● **Dataset records**:
▼▼▼
lemma closed_loop_has_vector_derivatives:
  assumes sol: "closed_loop_solution f kp ki kd y T x1 x2" and "t < T" and s: "s \<in> {0..t}"
  defines "w \<equiv> \<lambda>s. f (x1 s) (x2 s) (pid_input kp ki kd y x1 x2 s)"
  shows "((\<lambda>s. y - x1 s) has_vector_derivative - x2 s) (at s within {0..t})"
    and "((\<lambda>s. - x2 s) has_vector_derivative - w s) (at s within {0..t})"
    and "(pid_input kp ki kd y x1 x2 has_vector_derivative
          kp *\<^sub>R (- x2 s) + ki *\<^sub>R (y - x1 s) - kd *\<^sub>R w s) (at s within {0..t})"
proof -
  have sub: "{0..t} \<subseteq> {0..<T}"
    using \<open>t < T\<close> by auto
  have dx1: "(x1 has_vector_derivative x2 s') (at s' within {0..t})"
    and dx2: "(x2 has_vector_derivative w s') (at s' within {0..t})" if "s' \<in> {0..t}" for s'
    using sol that sub unfolding closed_loop_solution_def w_def
    by (meson has_vector_derivative_within_subset subsetD)+
  show "((\<lambda>s. y - x1 s) has_vector_derivative - x2 s) (at s within {0..t})"
    using dx1[OF s] by (auto intro!: derivative_eq_intros)
  show "((\<lambda>s. - x2 s) has_vector_derivative - w s) (at s within {0..t})"
    using dx2[OF s] by (auto intro!: derivative_eq_intros)
  have "continuous (at s' within {0..t}) x1" if "s' \<in> {0..t}" for s'
    using dx1[OF that] by (rule has_vector_derivative_continuous)
  then have "continuous_on {0..t} (\<lambda>s. y - x1 s)"
    by (intro continuous_intros) (simp add: continuous_on_eq_continuous_within)
  then have "((\<lambda>s. integral {0..s} (\<lambda>s. y - x1 s)) has_vector_derivative y - x1 s) (at s within {0..t})"
    using integral_has_vector_derivative s by blast
  then show "(pid_input kp ki kd y x1 x2 has_vector_derivative
          kp *\<^sub>R (- x2 s) + ki *\<^sub>R (y - x1 s) - kd *\<^sub>R w s) (at s within {0..t})"
    unfolding pid_input_def[abs_def] using dx1[OF s] dx2[OF s]
    by (auto intro!: derivative_eq_intros simp: algebra_simps)
qed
▲▲▲
● **Work required**: Reproduce each entry exactly, with nothing missing.

● **Worked solution**:
lemma closed_loop_has_vector_derivatives:
  assumes sol: "closed_loop_solution f kp ki kd y T x1 x2" and "t < T" and s: "s \<in> {0..t}"
  defines "w \<equiv> \<lambda>s. f (x1 s) (x2 s) (pid_input kp ki kd y x1 x2 s)"
  shows "((\<lambda>s. y - x1 s) has_vector_derivative - x2 s) (at s within {0..t})"
    and "((\<lambda>s. - x2 s) has_vector_derivative - w s) (at s within {0..t})"
    and "(pid_input kp ki kd y x1 x2 has_vector_derivative
          kp *\<^sub>R (- x2 s) + ki *\<^sub>R (y - x1 s) - kd *\<^sub>R w s) (at s within {0..t})"
proof -
  have sub: "{0..t} \<subseteq> {0..<T}"
    using \<open>t < T\<close> by auto
  have dx1: "(x1 has_vector_derivative x2 s') (at s' within {0..t})"
    and dx2: "(x2 has_vector_derivative w s') (at s' within {0..t})" if "s' \<in> {0..t}" for s'
    using sol that sub unfolding closed_loop_solution_def w_def
    by (meson has_vector_derivative_within_subset subsetD)+
  show "((\<lambda>s. y - x1 s) has_vector_derivative - x2 s) (at s within {0..t})"
    using dx1[OF s] by (auto intro!: derivative_eq_intros)
  show "((\<lambda>s. - x2 s) has_vector_derivative - w s) (at s within {0..t})"
    using dx2[OF s] by (auto intro!: derivative_eq_intros)
  have "continuous (at s' within {0..t}) x1" if "s' \<in> {0..t}" for s'
    using dx1[OF that] by (rule has_vector_derivative_continuous)
  then have "continuous_on {0..t} (\<lambda>s. y - x1 s)"
    by (intro continuous_intros) (simp add: continuous_on_eq_continuous_within)
  then have "((\<lambda>s. integral {0..s} (\<lambda>s. y - x1 s)) has_vector_derivative y - x1 s) (at s within {0..t})"
    using integral_has_vector_derivative s by blast
  then show "(pid_input kp ki kd y x1 x2 has_vector_derivative
          kp *\<^sub>R (- x2 s) + ki *\<^sub>R (y - x1 s) - kd *\<^sub>R w s) (at s within {0..t})"
    unfolding pid_input_def[abs_def] using dx1[OF s] dx2[OF s]
    by (auto intro!: derivative_eq_intros simp: algebra_simps)
qed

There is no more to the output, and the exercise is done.